PDF text extract with Python3.4

3k views Asked by At

The texts in the pdf files are text formats, not scanned. PDFMiner does not support python3, is there any other solutions?

3

There are 3 answers

0
DmcG On

There is also the pdfminer2 fork, supported for python 3.4, which available through pip3. https://github.com/metachris/pdfminer

This thread helped me patch something together.

from urllib.request import urlopen
from pdfminer.pdfinterp import PDFResourceManager, PDFPageInterpreter
from pdfminer.converter import TextConverter
from pdfminer.layout import LAParams
from pdfminer.pdfpage import PDFPage
from io import StringIO, BytesIO

def readPDF(pdfFile):
    rsrcmgr = PDFResourceManager()
    retstr = StringIO()
    codec = 'utf-8'
    laparams = LAParams()
    device = TextConverter(rsrcmgr, retstr, codec=codec, laparams=laparams)
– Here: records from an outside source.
(* Let $d\ge2$ and $p=(\sqrt d+1)^{-1}$, and consider $\mathcal{C}_{\mathrm{PP}},\mathcal{C}_{\mathrm{s}}$ with this $p$ and $\mathcal{C}_{\mathrm{q}}$ (all with variance constant $\omega=\sqrt d$). For a symmetric positive definite $M$ and a random vector $E$ with $\mathbb{E}[EE^\top]=M$ independent of the compression randomness, let $\mathfrak{C}(\mathcal{C},M):=\mathbb{E}[\mathcal{C}(E)\mathcal{C}(E)^\top]$ for $\mathcal{C}\in\{\mathcal{C}_{\mathrm{PP}},\mathcal{C}_{\mathrm{s}}\}$, and $\widetilde{\mathfrak{C}}(\mathcal{C}_{\mathrm{q}},M):=M+\sqrt{\mathrm{Tr}(M)}\sqrt{\mathrm{Diag}(M)}-\mathrm{Diag}(M)$. (1) If $M$ is diagonal: $\mathrm{Tr}(\mathfrak{C}(\mathcal{C}_{\mathrm{PP}},M)M^{-1})=\mathrm{Tr}(\mathfrak{C}(\mathcal{C}_{\mathrm{s}},M)M^{-1})\le(1+\frac1{\sqrt d})\mathrm{Tr}(\widetilde{\mathfrak{C}}(\mathcal{C}_{\mathrm{q}},M)M^{-1})$. (2) If $M$ has constant diagonal: $\widetilde{\mathfrak{C}}(\mathcal{C}_{\mathrm{q}},M)\preccurlyeq\mathfrak{C}(\mathcal{C}_{\mathrm{s}},M)$ and $\mathrm{Tr}(\mathfrak{C}(\mathcal{C}_{\mathrm{PP}},M)M^{-1})\le(1+\frac1{\sqrt d})\mathrm{Tr}(\widetilde{\mathfrak{C}}(\mathcal{C}_{\mathrm{q}},M)M^{-1})$.
   Context: $\mathcal{C}_{\mathrm{q}}(z)=\|z\|\mathrm{sign}(z)\odot\chi$ with $\chi_i\sim\mathrm{Bern}(|z_i|/\|z\|)$ independent; $\mathcal{C}_{\mathrm{s}}(z)=\frac1pB\odot z$, $B_i$ i.i.d. $\mathrm{Bern}(p)$; $\mathcal{C}_{\mathrm{PP}}(z)=\frac{b_0}pz$, $b_0\sim\mathrm{Bern}(p)$. $\mathrm{Diag}(M)$ is the diagonal part of $M$ and its square root is entrywise. ($\widetilde{\mathfrak{C}}(\mathcal{C}_{\mathrm{q}},M)$ is an upper bound on the covariance of $\mathcal{C}_{\mathrm{q}}(E)$.) *)

theory Defs
  imports "HOL-Analysis.Analysis" "HOL-Probability.Probability"
begin

definition C_PP :: "real \<Rightarrow> real^'n \<Rightarrow> (real^'n) pmf" where
  "C_PP p z = map_pmf (\<lambda>b. (if b then 1 / p else 0) *\<^sub>R z) (bernoulli_pmf p)"

definition C_s :: "real \<Rightarrow> real^'n::finite \<Rightarrow> (real^'n) pmf" where
  "C_s p z = map_pmf (\<lambda>B. \<chi> i. (if B i then 1 / p else 0) * z $ i)
                     (Pi_pmf UNIV False (\<lambda>_. bernoulli_pmf p))"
    interpreter = PDFPageInterpreter(rsrcmgr, device)
    password = ""
    maxpages = 0
    caching = True
    pagenos=set()
    for page in PDFPage.get_pages(pdfFile, pagenos, maxpages=maxpages, password=password,caching=caching, check_extractable=True):
        interpreter.process_page(page)

    device.close()
    textstr = retstr.getvalue()
    retstr.close()
    return textstr

if __name__ == "__main__":
    #scrape = open("../warandpeace/chapter1.pdf", 'rb') # for local files
    scrape = urlopen("http://pythonscraping.com/pages/warandpeace/chapter1.pdf") # for external files
    pdfFile = BytesIO(scrape.read())
    outputString = readPDF(pdfFile)
    print(outputString)
    pdfFile.close()    
0
Shruti Agrawal On

For python3, you can download pdfminer as:

python -m pip install pdfminer.six

0
Siddharth Das On

tika worked the best for me. It won't be wrong if I say it's better than PyPDF2 and pdfminer This made it really easy to extract each line in the pdf into a list. You can install it by pip install tika And, use the code below:

from tika import parser
rawText = parser.from_file(path_to_pdf)
rawList = rawText['content'].splitlines()
print(rawList)